Wisniewski was no political novice prior to Tuesday’s primary elections. He had served as a Republican precinct committeeman for 10 years prior to jumping into the race to succeed Rep. Don Cheatham in District 3, Seat B. Cheatham had given up that seat to seek the Republican nomination to succeed Sen. Bob Nonini as District 3’s state senator. Nonini in turn had given up that seat to run for lieutenant governor. Cheatham gained an uncontested nomination, while Nonini lost in a crowded field of Republican candidates.

Wisniewski’s foray into state legislative politics earned him a 510-vote victory over political veteran Kathy Sims, who had represented District 4 for several terms in the Idaho House of Representatives until falling to then-newcomer Paul Amador in 2016. Sims filed to return to Boise via District 3, Seat B. She had to contend both with Wisniewski and the Idaho Secretary of State’s office in the primary campaign.

On April 30, Chief Deputy Secretary of State Tim Hurst declared Sims ineligible to be on the ballot due to residency requirements, and her name was crossed off some ballots used by early voters. However, on May 4, Sims successfully obtained a judicial reversal of Hurst’s decision via First District Court Judge Rich Christensen. Kootenai County Clerk Jim Brannon told The Press May 4 that 54 people had voted early in the District 3 Republican race at the county’s Elections Office from the time of Hurst’s decision until Christensen’s ruling. As it turned out, Sims lost the absentee ballots to Wisniewski 500-415.

Wisniewski expressed gratitude to Sims for challenging her disqualification and staying in the race. He said her continued presence on the ballot made it a fair race. Along with his lead among early voters, Wisniewski easily outpaced Sims 2,093-1,668 among election day voters to walk away with the win. He was glad that he hadn’t won on a technicality, Wisniewski said.

The victor attributed his success to knocking on a lot of doors, and talking about issues face-to-face with voters. He said Second Amendment issues, educational choice, and the Constitution kept coming up in his discussions. Wisniewski said he reasoned that since property owners contribute to the state education budget, parents and grandparents ought to have the right to decide how those funds are spent on their students’ educations, regardless of educational environment.

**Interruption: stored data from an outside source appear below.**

lemma tree_arcs_bounds: "(a, b) \<in> tree_arcs t \<Longrightarrow> 1 \<le> a \<and> a + 2 \<le> b \<and> b \<le> arity t + 1"
proof (induction t arbitrary: a b)
  case (Node g l r)
  have pos: "1 \<le> arity l" "1 \<le> arity r" by (rule arity_pos)+
  from Node.prems show ?case
  proof (rule tree_arcs_NodeE)
    fix a' b' assume "(a', b') \<in> tree_arcs r" "a = a' + arity l" "b = b' + arity l"
    then show ?case using Node.IH(2)[of a' b'] by simp
  qed (use Node.IH(1)[of a b] pos in auto)
qed simp

lemma long_arcs_tree_arcs: "long_arcs (tree_arcs t)"
  unfolding long_arcs_def using tree_arcs_bounds by blast

lemma outer_arcs_shift_arcs_above:
  assumes "i \<le> k" "1 \<le> m" "\<forall>(a, b) \<in> A. 1 \<le> a \<and> 1 \<le> b"
  shows "outer_arcs i m (shift_arcs k A) = shift_arcs (k + m - 1) A"
  unfolding outer_arcs_def shift_arcs_def image_image
  by (rule image_cong) (use assms in \<open>auto simp: outer_relabel_def\<close>)

lemma outer_arcs_shift_arcs_below:
  assumes "k < i"
  shows "outer_arcs i m (shift_arcs k A) = shift_arcs k (outer_arcs (i - k) m A)"
  unfolding outer_arcs_def shift_arcs_def image_image
  by (rule image_cong) (use assms in \<open>auto simp: outer_relabel_def\<close>)

lemma outer_arcs_below:
  assumes "\<forall>(a, b) \<in> A. a \<le> b \<and> b \<le> i"
  shows "outer_arcs i m A = A"
proof -
  have "outer_arcs i m A = id ` A"
    unfolding outer_arcs_def by (rule image_cong) (use assms in \<open>auto simp: outer_relabel_def\<close>)
  then show ?thesis by simp
qed

lemma shift_arcs_shift_arcs: "shift_arcs k (shift_arcs j A) = shift_arcs (j + k) A"
  unfolding shift_arcs_def image_image by (rule image_cong) auto

lemma tree_arcs_graft:
  "1 \<le> i \<Longrightarrow> i \<le> arity t \<Longrightarrow>
   tree_arcs (graft t i s) = outer_arcs i (arity s) (tree_arcs t) \<union> shift_arcs (i - 1) (tree_arcs s)"
proof (induction t arbitrary: i)
  case Leaf
  then show ?case by (simp add: shift_arcs_def outer_arcs_def)
next
  case (Node g l r)
  let ?m = "arity s"
  have pos: "1 \<le> ?m" "1 \<le> arity l" "1 \<le> arity r" by (rule arity_pos)+
  have root: "outer_arcs i ?m (if g = GA then {(1, arity l + arity r + 1)} else {})
      = (if g = GA then {(1, arity l + arity r + ?m)} else {})"
    using Node.prems pos by (auto simp: outer_arcs_def outer_relabel_def)
  show ?case
  proof (cases "i \<le> arity l")
    case True
    have "outer_arcs i ?m (shift_arcs (arity l) (tree_arcs r)) = shift_arcs (arity l + ?m - 1) (tree_arcs r)"
      by (rule outer_arcs_shift_arcs_above) (use True pos tree_arcs_bounds in fastforce)+
    then show ?thesis
      using True Node.IH(1)[OF Node.prems(1) True] arity_graft[OF Node.prems(1) True] root pos
      by (auto simp: outer_arcs_Un)
  next
    case False
    let ?k = "arity l"
    have i: "1 \<le> i - ?k" "i - ?k \<le> arity r" using False Node.prems by auto
    have "outer_arcs i ?m (tree_arcs l) = tree_arcs l"
      by (rule outer_arcs_below) (use False tree_arcs_bounds in fastforce)
    moreover have "outer_arcs i ?m (shift_arcs ?k (tree_arcs r)) = shift_arcs ?k (outer_arcs (i - ?k) ?m (tree_arcs r))"
      using False by (simp add: outer_arcs_shift_arcs_below)
    moreover have "shift_arcs ?k (shift_arcs (i - ?k - 1) (tree_arcs s)) = shift_arcs (i - 1) (tree_arcs s)"
      using False i by (simp add: shift_arcs_shift_arcs)
    ultimately show ?thesis
      using False Node.IH(2)[OF i] arity_graft[OF i] root pos
      by (auto simp: outer_arcs_Un shift_arcs_Un)
  qed
qed

lemma bnc_size_bnc_comp: "bnc_size (bnc_comp C i D) = bnc_size C + bnc_size D - 1"
  by (simp add: bnc_comp_def Let_def)

lemma bnc_comp_tree_bnc:
  assumes "1 \<le> i" "i \<le> arity t"
  shows "bnc_comp (blue_bnc (arity t) (tree_arcs t)) i (blue_bnc (arity s) (tree_arcs s))
       = blue_bnc (arity (graft t i s)) (tree_arcs (graft t i s))"
  unfolding bnc_comp_blue_bnc[OF assms arity_pos[of s] long_arcs_tree_arcs[of t]]
    arity_graft[OF assms] tree_arcs_graft[OF assms] ..

lemma gen_val_eq_blue_bnc: "gen_val g = blue_bnc (arity (fgen g)) (tree_arcs (fgen g))"
proof -
  have "polygon_edges (arity (fgen g)) = {(1, 2), (2, 3)}" by (auto simp: mem_polygon_edges)
  then show ?thesis
    by (cases g) (simp_all add: blue_bnc_def T_bbb_def T_bub_def insert_commute numeral_3_eq_3)
qed

lemma eval_eq_blue_bnc: "eval t = blue_bnc (arity t) (tree_arcs t)"
proof (induction t)
  case Leaf
  have "polygon_edges 1 = {(1, 2)}" by (auto simp: mem_polygon_edges)
  then show ?case by (simp add: blue_bnc_def bnc_unit_def)
next
  case (Node g l r)
  have "eval (Node g l r) = bnc_comp (bnc_comp (blue_bnc (arity (fgen g)) (tree_arcs (fgen g))) 2
      (blue_bnc (arity r) (tree_arcs r))) 1 (blue_bnc (arity l) (tree_arcs l))"
    using Node.IH by (simp only: eval.simps gen_val_eq_blue_bnc)
  also have "\<dots> = blue_bnc (arity (Node g l r)) (tree_arcs (Node g l r))"
    using bnc_comp_tree_bnc[of 2 "fgen g" r] bnc_comp_tree_bnc[of 1 "Node g Leaf r" l] arity_pos[of r]
    by simp
  finally show ?case .
qed

lemma bnc_size_eval: "bnc_size (eval t) = arity t"
  by (simp add: eval_eq_blue_bnc blue_bnc_def)

lemma eval_graft: "1 \<le> i \<Longrightarrow> i \<le> arity t \<Longrightarrow> eval (graft t i s) = bnc_comp (eval t) i (eval s)"
  by (simp add: eval_eq_blue_bnc bnc_comp_tree_bnc)

lemma eval_eq_iff: "eval t = eval s \<longleftrightarrow> arity t = arity s \<and> tree_arcs t = tree_arcs s"
  by (simp add: eval_eq_blue_bnc blue_bnc_eq_iff long_arcs_tree_arcs)

lemma ocong_imp_eval_eq: "ocong t s \<Longrightarrow> eval t = eval s"
proof (induction rule: ocong.induct)
  case (comp_right t t' i s)
  then show ?case by (simp add: eval_graft)
next
  case (comp_left t t' i s)
  then have "arity t = arity t'" by (simp add: eval_eq_iff)
  with comp_left show ?case by (simp add: eval_graft)
qed (auto simp: eval_eq_iff simp del: eval.simps)

lemma eval_in_gen_suboperad: "eval t \<in> gen_suboperad {T_bbb, T_bub}"
proof (induction t)
  case (Node g l r)
  have gen: "gen_val g \<in> gen_suboperad {T_bbb, T_bub}"
    by (cases g) (simp_all add: gen_suboperad.gen)
  have "bnc_size (gen_val g) = 2"
    by (cases g) (simp_all add: T_bbb_def T_bub_def)
  then show ?case
    using gen_suboperad.comp[OF gen_suboperad.comp[OF gen Node.IH(2)] Node.IH(1)]
    by (simp add: bnc_size_bnc_comp)
qed (simp add: gen_suboperad.unit)

lemma gen_suboperad_in_range_eval: "x \<in> gen_suboperad {T_bbb, T_bub} \<Longrightarrow> x \<in> range eval"
proof (induction rule: gen_suboperad.induct)
  case unit
  show ?case using rangeI[of eval Leaf] by simp
next
  case (gen g)
  have "gen_val h \<in> range eval" for h
    unfolding gen_val_eq_blue_bnc eval_eq_blue_bnc[symmetric] by (rule rangeI)
  moreover from gen have "g = gen_val GA \<or> g = gen_val GW" by simp
  ultimately show ?case by blast
next
  case (comp x y i)
  then obtain t s where "x = eval t" "y = eval s" by blast
  with comp.hyps have "bnc_comp x i y = eval (graft t i s)" by (simp add: eval_graft bnc_size_eval)
  then show ?case by simp
qed

lemma ocong_Node_left: "ocong l l' \<Longrightarrow> ocong (Node g l r) (Node g l' r)"
  using ocong.comp_right[of l l' 1 "Node g Leaf r"] by simp

lemma ocong_Node_right: "ocong r r' \<Longrightarrow> ocong (Node g l r) (Node g l r')"
  using ocong.comp_right[of r r' "arity l + 1" "Node g l Leaf"] by simp
(* Let $\gamma>0$ and $s\in(0,q^{-1/2})$. For every $g\in\mathcal H^D\mathcal I^{\mathcal E}_\gamma$ and every $F\in\mathcal M_s$, the product $g*_\gamma F$ is well defined and belongs to $\mathcal M_s$; moreover $(f*_\gamma g)*_\gamma F=f*_\gamma(g*_\gamma F)$ for all $f,g\in\mathcal H^D\mathcal I^{\mathcal E}_\gamma$ and $F\in\mathcal M_s$. Hence $\mathcal M_s$ is a left module over the algebra $(\mathcal H^D\mathcal I^{\mathcal E}_\gamma,*_\gamma)$, and over its quotient by the commutator ideal.
   Context: Fix $q\in(0,1)$. Notation: $(a;q)_k=\prod_{j=0}^{k-1}(1-aq^j)$, $(a;q)_\infty=\lim_k(a;q)_k$, $[k]_q!=(q;q)_k/(1-q)^k$, $e_q(x)=1/(x;q)_\infty$. The $q$-derivative is $(\partial f)(x)=\frac{f(x)-f(qx)}{(1-q)x}$ (extended to $x=0$ by continuity for $f$ holomorphic near $0$). For $\gamma>0$, $L(\gamma)=\{\pm q^k\gamma:k\in\mathbb Z\}$ and $\int_\gamma f=(1-q)\sum_{k\in\mathbb Z}\sum_{\epsilon=\pm1}q^k\gamma f(\epsilon q^k\gamma)$ whenever absolutely convergent. $\mathcal I^\infty_\gamma$ is the set of functions $f$ on $L(\gamma)$ with $\int_\gamma|f(x)x^e|<\infty$ for all integers $e\ge0$. Moments: $\mu_{e,\gamma}(f)=q^{(e^2+e)/2}\int_\gamma f(x)x^e$. The $q$-moment series is $\mu_\gamma(f)(t)=\sum_{k\ge0}\mu_{k,\gamma}(f)t^k/[k]_q!$; $\mathcal I^{\mathcal E}_\gamma$ is the set of $f\in\mathcal I^\infty_\gamma$ with $\mu_\gamma(f)$ entire; $\mathcal H^D\mathcal I^{\mathcal E}_\gamma$ is the set of $f\in\mathcal I^{\mathcal E}_\gamma$ for which there is an open disk centered at $0$ containing $\{\pm q^k\gamma:k\ge0\}$ and a holomorphic function on it agreeing with $f$ on the lattice points in the disk. The $q$-convolution of $f\in\mathcal I^\infty_\gamma$ with $g$ is $(f*_\gamma g)(x)=\sum_{e\ge0}\frac{(-1)^e\mu_{e,\gamma}(f)}{[e]_q!}(\partial^eg)(x)$ at all $x$ where the $q$-derivatives are defined and the series converges absolutely. For $s>0$, $\mathcal M_s$ is the set of functions $F(x)=f(x)e_{q^2}(-x^2)$ (holomorphic on $|\mathrm{Im}\,x|<1$) where $f(x)=\sum_{l\ge0}a_lx^l$ with $|a_l|\le Cs^lq^{l^2/2}$ for all $l$, for some $C>0$. *)

theory Defs
  imports "HOL-Analysis.Analysis"
begin

definition qpoch :: "'a::real_normed_field \<Rightarrow> 'a \<Rightarrow> nat \<Rightarrow> 'a" where
  "qpoch a q k = (\<Prod>j<k. (1 - a * q ^ j))"

definition qpoch_inf :: "'a::real_normed_field \<Rightarrow> 'a \<Rightarrow> 'a" where
  "qpoch_inf a q = lim (\<lambda>k. qpoch a q k)"

definition qfact :: "real \<Rightarrow> nat \<Rightarrow> real" where
  "qfact q k = qpoch q q k / (1 - q) ^ k"

definition qexp :: "complex \<Rightarrow> complex \<Rightarrow> complex" where
  "qexp q x = 1 / qpoch_inf x q"

definition qderiv :: "real \<Rightarrow> (complex \<Rightarrow> complex) \<Rightarrow> complex \<Rightarrow> complex" where
  "qderiv q f x =
     (if x = 0 then Lim (at 0) (\<lambda>y. (f y - f (of_real q * y)) / ((1 - of_real q) * y))
      else (f x - f (of_real q * x)) / ((1 - of_real q) * x))"

definition qlattice :: "real \<Rightarrow> real \<Rightarrow> complex set" where
  "qlattice q \<gamma> = {complex_of_real (\<epsilon> * q powi k * \<gamma>) | k \<epsilon>. \<epsilon> \<in> {-1, 1}}"

definition qint_term :: "real \<Rightarrow> real \<Rightarrow> (complex \<Rightarrow> complex) \<Rightarrow> int \<times> real \<Rightarrow> complex" where
  "qint_term q \<gamma> f = (\<lambda>(k, \<epsilon>). complex_of_real (q powi k * \<gamma>) * f (complex_of_real (\<epsilon> * q powi k * \<gamma>)))"

definition qint :: "real \<Rightarrow> real \<Rightarrow> (complex \<Rightarrow> complex) \<Rightarrow> complex" where
  "qint q \<gamma> f = complex_of_real (1 - q) * infsum (qint_term q \<gamma> f) (UNIV \<times> {-1, 1})"

definition I_inf :: "real \<Rightarrow> real \<Rightarrow> (complex \<Rightarrow> complex) set" where
  "I_inf q \<gamma> = {f. \<forall>e::nat. (\<lambda>i. norm (qint_term q \<gamma> (\<lambda>x. f x * x ^ e) i)) summable_on (UNIV \<times> {-1, 1})}"
definition is_morphism :: "'a set \<Rightarrow> 'b set \<Rightarrow> ('a \<Rightarrow> 'b list) \<Rightarrow> bool" where
  "is_morphism A B f \<longleftrightarrow> (\<forall>a\<in>A. is_word B (f a))"

definition letter_onto :: "'a set \<Rightarrow> 'c set \<Rightarrow> ('a \<Rightarrow> 'c list) \<Rightarrow> bool" where
  "letter_onto A C q \<longleftrightarrow> (\<forall>c\<in>C. \<exists>a\<in>A. c \<in> set (q a))"

end

theory Submission
  imports Defs
begin

text \<open>Let \<open>x\<close> and \<open>y\<close> be the first letters of \<open>u\<close> and \<open>v\<close>. Since the images of \<open>u\<close> and \<open>v\<close>
  are comparable for the prefix order, so are \<open>\<sigma>\<^sub>j(x)\<close> and \<open>\<sigma>\<^sub>j(y)\<close>. If \<open>\<ell>\<^sub>x = \<ell>\<^sub>y\<close> they are
  equal and identifying \<open>y\<close> with \<open>x\<close> simplifies the family. If, say, \<open>\<ell>\<^sub>x < \<ell>\<^sub>y\<close>, then
  \<open>\<sigma>\<^sub>j(y) = \<sigma>\<^sub>j(x) w\<^sub>j\<close> and \<open>\<sigma>\<^sub>j = \<sigma>'\<^sub>j \<tau>\<close> with \<open>\<tau>(y) = xy\<close> and \<open>\<sigma>'\<^sub>j(y) = w\<^sub>j\<close>; cancelling
  \<open>\<sigma>\<^sub>j(x)\<close> from the images of \<open>\<tau>(u)\<close> and \<open>\<tau>(v)\<close> gives a new comparable pair for \<open>\<sigma>'\<close>,
  whose total length \<open>\<ell> - \<ell>\<^sub>x\<close> is smaller, and a simplification of \<open>\<sigma>'\<close> yields one of \<open>\<sigma>\<close>.
  The induction goes through because the images of both words have length at least \<open>\<ell>\<close>, a
  property that survives the cancellation.\<close>

definition simplifiable :: "'a set \<Rightarrow> 'j set \<Rightarrow> ('j \<Rightarrow> 'b set) \<Rightarrow> ('j \<Rightarrow> 'a \<Rightarrow> 'b list) \<Rightarrow> bool"
  where "simplifiable A J B \<sigma> \<longleftrightarrow>
    (\<exists>(C :: 'a set) (q :: 'a \<Rightarrow> 'a list) (p :: 'j \<Rightarrow> 'a \<Rightarrow> 'b list).
       finite C \<and> card C < card A \<and>
       is_morphism A C q \<and> letter_onto A C q \<and>
       (\<forall>j\<in>J. is_morphism C (B j) (p j)) \<and>
       (\<forall>c\<in>C. \<forall>j1\<in>J. \<forall>j2\<in>J. length (p j1 c) = length (p j2 c)) \<and>
       (\<forall>j\<in>J. \<forall>a\<in>A. \<sigma> j a = morph_app (p j) (q a)))"

text \<open>Symmetric in \<open>u\<close> and \<open>v\<close>, so that the case \<open>\<ell>\<^sub>y < \<ell>\<^sub>x\<close> reduces to \<open>\<ell>\<^sub>x < \<ell>\<^sub>y\<close>. The sum of \<open>\<ell>\<close>
  over the letters of \<open>u\<close> is the common length of the images \<open>\<sigma>\<^sub>j(u)\<close>, expressed without \<open>j\<close>
  so that it is meaningful for empty \<open>J\<close>.\<close>

definition compatible_pair ::
    "'a set \<Rightarrow> 'j set \<Rightarrow> ('j \<Rightarrow> 'a \<Rightarrow> 'b list) \<Rightarrow> ('a \<Rightarrow> nat) \<Rightarrow> 'a list \<Rightarrow> 'a list \<Rightarrow> bool"
  where "compatible_pair A J \<sigma> ell u v \<longleftrightarrow>
    is_word A u \<and> is_word A v \<and> hd u \<noteq> hd v \<and>
    (\<forall>j\<in>J. prefix (morph_app (\<sigma> j) u) (morph_app (\<sigma> j) v) \<or>
            prefix (morph_app (\<sigma> j) v) (morph_app (\<sigma> j) u)) \<and>
    sum ell A \<le> sum_list (map ell u) \<and> sum ell A \<le> sum_list (map ell v)"

definition split_letter :: "'a \<Rightarrow> 'a \<Rightarrow> 'a \<Rightarrow> 'a list"
  where "split_letter x y a = (if a = y then [x, y] else [a])"

lemma morph_app_Nil [simp]: "morph_app f [] = []"
  by (simp add: morph_app_def)

lemma morph_app_Cons [simp]: "morph_app f (a # w) = f a @ morph_app f w"
  by (simp add: morph_app_def)

lemma morph_app_append [simp]: "morph_app f (w @ w') = morph_app f w @ morph_app f w'"
  by (simp add: morph_app_def)

lemma set_morph_app: "set (morph_app f w) = (\<Union>a\<in>set w. set (f a))"
  by (simp add: morph_app_def)

lemma morph_app_morph_app: "morph_app f (morph_app g w) = morph_app (\<lambda>a. morph_app f (g a)) w"
  by (induction w) auto

lemma morph_app_cong: "(\<And>a. a \<in> set w \<Longrightarrow> f a = g a) \<Longrightarrow> morph_app f w = morph_app g w"
  by (induction w) auto

lemma is_word_morph_app: "is_morphism A C f \<Longrightarrow> is_word A w \<Longrightarrow> is_word C (morph_app f w)"
  unfolding is_word_def is_morphism_def by (cases w) (auto simp: set_morph_app)

lemma is_morphism_fun_upd_drop:
  assumes "is_morphism A B f" "n < length (f y)"
  shows "is_morphism A B (f(y := drop n (f y)))"
  using assms set_drop_subset[of n "f y"] unfolding is_morphism_def is_word_def by auto

lemma length_pos_if_is_morphism: "is_morphism A B f \<Longrightarrow> a \<in> A \<Longrightarrow> 0 < length (f a)"
  unfolding is_morphism_def is_word_def by blast

lemma length_morph_app:
  "(\<And>a. a \<in> set w \<Longrightarrow> length (f a) = ell a) \<Longrightarrow> length (morph_app f w) = sum_list (map ell w)"
  by (induction w) auto

lemma sum_fun_upd_diff:
  fixes f :: "'a \<Rightarrow> nat"
  assumes "finite A" "y \<in> A" "d \<le> f y"
  shows "sum (f(y := f y - d)) A = sum f A - d"
proof -
  have "sum (f(y := f y - d)) A = (f y - d) + sum f (A - {y})"
    using assms(1,2) by (simp add: sum.remove)
  also have "\<dots> = sum f A - d"
    using assms by (simp add: sum.remove)
  finally show ?thesis .
qed

lemma prefix_of_comparable:
  assumes "prefix xs ys \<or> prefix ys xs" "prefix xs' xs" "prefix ys' ys"
    and "length xs' \<le> length ys'"
  shows "prefix xs' ys'"
  using assms prefix_length_prefix prefix_order.trans by metis

lemma morph_app_split_letter:
  assumes "prefix (f x) (f y)" "x \<noteq> y"
  shows "morph_app (f(y := drop (length (f x)) (f y))) (split_letter x y a) = f a"
  using assms by (auto simp: split_letter_def prefix_def)

lemma morph_app_split_letter_word:
  assumes "prefix (f x) (f y)" "x \<noteq> y"
  shows "morph_app (f(y := drop (length (f x)) (f y))) (morph_app (split_letter x y) w) = morph_app f w"
  by (simp add: morph_app_morph_app morph_app_split_letter[OF assms])

lemma morph_app_split_letter_tl:
  assumes "prefix (f x) (f y)" "x \<noteq> y" "w \<noteq> []" "hd w \<in> {x, y}"
  shows "morph_app f w =
    f x @ morph_app (f(y := drop (length (f x)) (f y))) (tl (morph_app (split_letter x y) w))"
proof -
  obtain w' where "morph_app (split_letter x y) w = x # w'"
    using assms(2-4) by (cases w) (auto simp: split_letter_def)
  then show ?thesis
    using morph_app_split_letter_word[OF assms(1,2), of w] assms(2) by simp
qed

lemma sum_list_map_split_letter:
  fixes ell :: "'a \<Rightarrow> nat"
  assumes "x \<noteq> y" "ell x \<le> ell y"
  shows "sum_list (map (ell(y := ell y - ell x)) (morph_app (split_letter x y) w)) = sum_list (map ell w)"
  using assms by (induction w) (auto simp: split_letter_def)

lemma simplifiable_if_images_eq:
  assumes "finite A" "x \<in> A" "y \<in> A" "x \<noteq> y" "\<forall>j\<in>J. \<sigma> j x = \<sigma> j y"
    and "\<forall>j\<in>J. is_morphism A (B j) (\<sigma> j)" "\<forall>j\<in>J. \<forall>a\<in>A. length (\<sigma> j a) = ell a"
  shows "simplifiable A J B \<sigma>"
  unfolding simplifiable_def
proof (intro exI conjI)
  let ?q = "\<lambda>a. if a = y then [x] else [a]"
  show "finite (A - {y})"
    using assms(1) by simp
  show "card (A - {y}) < card A"
    using assms(1,3) by (rule card_Diff1_less)
  show "is_morphism A (A - {y}) ?q" "letter_onto A (A - {y}) ?q"
    using assms(2,4) by (auto simp: is_morphism_def is_word_def letter_onto_def)
  show "\<forall>j\<in>J. is_morphism (A - {y}) (B j) (\<sigma> j)"
    using assms(6) by (auto simp: is_morphism_def)
  show "\<forall>c\<in>A - {y}. \<forall>j1\<in>J. \<forall>j2\<in>J. length (\<sigma> j1 c) = length (\<sigma> j2 c)"
    using assms(7) by auto
  show "\<forall>j\<in>J. \<forall>a\<in>A. \<sigma> j a = morph_app (\<sigma> j) (?q a)"
    using assms(5) by auto
qed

“People like the idea of being allowed to make a choice, and to give the government school system a bit of competition,” he said.

His endorsement by Dick Heller helped convince voters of his pro-gun rights bonafides, he added. The 2008 District of Columbia v. Heller decision was the first in which the U.S. Supreme Court ruled that the Second Amendment right to keep and bear arms was an individual right that existed independent of service in a militia.

Wisniewski said he noticed more cynicism and frustration among voters than in previous election cycles. Many complained to the local candidate about the actions of Republicans in the federal government. On the other hand, people did seem more willing to engage in political conversations than in previous years, he said. In the past many people stood in the doorway just waiting for the precinct committeeman to leave, Wisniewski said.

In a statement, Sims attributed her loss in part to her temporary disqualification from the ballot.

“The wrongful interference by Tim Hurst in the Secretary of State’s office, which resulted in my name being temporarily removed from the ballot at a critical time in my race, certainly affected the outcome,” Sims said.

Despite that, she congratulated Wisniewski and wished him success. “The primary is over and the candidates have been chosen. I encourage everyone in our party to come together and support our Republican candidates in the November election.”


District 2, Seat B victor John Green had run for office several times before, most recently for Kootenai County sheriff in 2016. But when Rep. Eric Redman decided to forgo re-election to the District 2, Seat B position, Green filed to replace him. Coeur d’Alene Racing and Greene Idaho Foundation president Doug Okuniewicz also threw his hat into the ring.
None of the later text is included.